(* Let $\lambda>0$, let $n\ge 1$, and let $h:\mathbb{R}\to\mathbb{R}\cup\{+\infty\}$ be proper, closed and convex, such that $0\in\mathrm{dom}(h)$, $h(0)=0$, and $0$ is an accumulation point of $\mathrm{dom}(h)$. Let $\nu=(\mathcal{S}_0,\mathcal{S}_1,\mathcal{S}_\bullet)$ be a partition of $\{1,\dots,n\}$ and define $g^\nu:\mathbb{R}^n\to\mathbb{R}\cup\{+\infty\}$ by $$g^\nu(\mathbf{x})=\lambda\|\mathbf{x}\|_0+\sum_{i=1}^n h(x_i)+\eta(\mathbf{x}\in\mathcal{X}^\nu).$$ Then the convex conjugate $(g^\nu)^*$ is separable, i.e. $(g^\nu)^*(\mathbf{v})=\sum_{i=1}^n (g^\nu_i)^*(v_i)$, where for every $v\in\mathbb{R}$ $$(g^\nu_i)^*(v)=\begin{cases}0 & \text{if } i\in\mathcal{S}_0,\\ h^*(v)-\lambda & \text{if } i\in\mathcal{S}_1,\\ \max\big(h^*(v)-\lambda,0\big) & \text{if } i\in\mathcal{S}_\bullet.\end{cases}$$
   Context: $\|\mathbf{x}\|_0$ denotes the number of nonzero entries of $\mathbf{x}$. $\eta(\cdot)$ is the convex indicator: $\eta(\text{condition})=0$ if the condition holds and $+\infty$ otherwise. For a partition $\nu=(\mathcal{S}_0,\mathcal{S}_1,\mathcal{S}_\bullet)$ of $\{1,\dots,n\}$, the region is $\mathcal{X}^\nu=\{\mathbf{x}\in\mathbb{R}^n: x_i=0\ \forall i\in\mathcal{S}_0,\ x_i\neq 0\ \forall i\in\mathcal{S}_1\}$ (entries indexed by $\mathcal{S}_\bullet$ are free). $h^*$ denotes the convex conjugate $h^*(v)=\sup_{x\in\mathbb{R}} vx-h(x)$. A point $0$ is an accumulation point of a set $\mathcal{C}\subseteq\mathbb{R}$ if every neighborhood of $0$ contains a point of $\mathcal{C}$ other than $0$. *)

theory Defs
  imports "HOL-Analysis.Analysis"
begin

definition convex_conj :: "('a::real_inner \<Rightarrow> ereal) \<Rightarrow> 'a \<Rightarrow> ereal" where
  "convex_conj f v = (SUP x. ereal (v \<bullet> x) - f x)"

definition edom :: "('a \<Rightarrow> ereal) \<Rightarrow> 'a set" where
  "edom f = {x. f x < \<infinity>}"

definition proper_fun :: "('a \<Rightarrow> ereal) \<Rightarrow> bool" where
  "proper_fun f \<longleftrightarrow> (\<forall>x. f x \<noteq> -\<infinity>) \<and> (\<exists>x. f x < \<infinity>)"

definition epi :: "('a \<Rightarrow> ereal) \<Rightarrow> ('a \<times> real) set" where
  "epi f = {(x, t). f x \<le> ereal t}"

definition closed_fun :: "('a::topological_space \<Rightarrow> ereal) \<Rightarrow> bool" where
  "closed_fun f \<longleftrightarrow> closed (epi f)"

definition convex_fun :: "('a::real_vector \<Rightarrow> ereal) \<Rightarrow> bool" where
  "convex_fun f \<longleftrightarrow> convex (epi f)"

definition l0norm :: "real ^ 'n \<Rightarrow> nat" where
  "l0norm x = card {i. x $ i \<noteq> 0}"

definition region :: "'n set \<Rightarrow> 'n set \<Rightarrow> (real ^ 'n) set" where
  "region S0 S1 = {x. (\<forall>i\<in>S0. x $ i = 0) \<and> (\<forall>i\<in>S1. x $ i \<noteq> 0)}"

definition eta :: "bool \<Rightarrow> ereal" where
  "eta b = (if b then 0 else \<infinity>)"

definition g_nu :: "real \<Rightarrow> (real \<Rightarrow> ereal) \<Rightarrow> 'n::finite set \<Rightarrow> 'n set \<Rightarrow> real ^ 'n \<Rightarrow> ereal" where
  "g_nu lam h S0 S1 x =
     ereal (lam * real (l0norm x)) + (\<Sum>i\<in>UNIV. h (x $ i)) + eta (x \<in> region S0 S1)"

end

theory Submission
  imports Defs
begin

text \<open>
  The function g_nu is separable: g_nu(x) = \<Sum>i. g_i(x_i) with
  g_i(t) = \<lambda>[t \<noteq> 0] + h(t) + \<eta>(t \<in> C_i), where C_i is {0}, \<real> - {0} or \<real> according as
  i lies in S0, S1 or Sb. A supremum of a sum of functions of independent variables is the
  sum of the suprema, so the conjugate of g_nu is the sum of the conjugates of the g_i.
  For C_i = {0} this conjugate is -h(0) = 0, and for C_i = \<real> it is the maximum of the values
  for {0} and for \<real> - {0}. The remaining case C_i = \<real> - {0} gives
  sup {vt - h(t) | t \<noteq> 0} - \<lambda>, and this punctured supremum is still h*(v): for y \<noteq> 0 in
  dom h, convexity and h(0) = 0 give h(sy) \<le> s h(y) for 0 \<le> s \<le> 1, so vt - h(t) comes
  arbitrarily close to its value 0 at t = 0 along t = sy \<rightarrow> 0.
\<close>

lemma sum_ereal_neq_MInfty:
  fixes b :: "'i \<Rightarrow> ereal"
  assumes "\<And>i. i \<in> I \<Longrightarrow> b i \<noteq> -\<infinity>"
  shows "sum b I \<noteq> -\<infinity>"
  using assms by (induction I rule: infinite_finite_induct) auto

lemma ereal_minus_sum:
  fixes b :: "'i \<Rightarrow> ereal"
  assumes "finite I" "\<And>i. i \<in> I \<Longrightarrow> b i \<noteq> -\<infinity>"
  shows "ereal (\<Sum>i\<in>I. a i) - sum b I = (\<Sum>i\<in>I. ereal (a i) - b i)"
  using assms
proof (induction I rule: finite_induct)
  case (insert j I)
  have "b j \<noteq> -\<infinity>" "sum b I \<noteq> -\<infinity>"
    using insert.prems sum_ereal_neq_MInfty[of I b] by auto
  then have "ereal (a j + (\<Sum>i\<in>I. a i)) - (b j + sum b I)
      = (ereal (a j) - b j) + (ereal (\<Sum>i\<in>I. a i) - sum b I)"
    by (cases "b j"; cases "sum b I") auto
  with insert show ?case by simp
qed simp

lemma ereal_less_sum_split:
  fixes c :: "'i \<Rightarrow> ereal"
  assumes "finite I" "\<And>i. i \<in> I \<Longrightarrow> c i \<noteq> -\<infinity>" "ereal M < sum c I"
  shows "\<exists>m. M < (\<Sum>i\<in>I. m i) \<and> (\<forall>i\<in>I. ereal (m i) < c i)"
  using assms
proof (induction I arbitrary: M rule: finite_induct)
  case (insert j I)
  have "c j \<noteq> -\<infinity>" "sum c I \<noteq> -\<infinity>"
    using insert.prems sum_ereal_neq_MInfty[of I c] by auto
  with insert.prems(2) insert.hyps have "ereal M - c j < sum c I"
    by (cases "c j"; cases "sum c I") auto
  then obtain z where z: "ereal M - c j < ereal z" "ereal z < sum c I"
    using ereal_dense2 by blast
  then have j: "ereal (M - z) < c j"
    using \<open>c j \<noteq> -\<infinity>\<close> by (cases "c j") auto
  obtain m where m: "z < (\<Sum>i\<in>I. m i)" "\<forall>i\<in>I. ereal (m i) < c i"
    using insert.IH[OF _ z(2)] insert.prems by blast
  let ?m = "m(j := M - z)"
  have "(\<Sum>i\<in>I. ?m i) = (\<Sum>i\<in>I. m i)"
    using insert.hyps by (intro sum.cong) auto
  then have "M < (\<Sum>i\<in>insert j I. ?m i)"
    using insert.hyps m(1) by simp
  moreover have "\<forall>i\<in>insert j I. ereal (?m i) < c i"
    using insert.hyps m(2) j by auto
  ultimately show ?case by blast
qed simp

lemma fenchel_young: "ereal (v \<bullet> x) - f x \<le> convex_conj f v"
  unfolding convex_conj_def by (rule SUP_upper2[of x]) auto

lemma convex_conj_neq_MInfty:
  assumes "proper_fun f"
  shows "convex_conj f v \<noteq> -\<infinity>"
proof -
  obtain x where "f x < \<infinity>" "f x \<noteq> -\<infinity>"
    using assms unfolding proper_fun_def by blast
  then have "ereal (v \<bullet> x) - f x \<noteq> -\<infinity>" by (cases "f x") auto
  then show ?thesis using fenchel_young[of v x f] by auto
qed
+---+
• **Action item**: Could you find every line in the records above that contains the word "imports" and copy it?

• **The completed task**:
  imports "HOL-Analysis.Analysis"
  imports Defs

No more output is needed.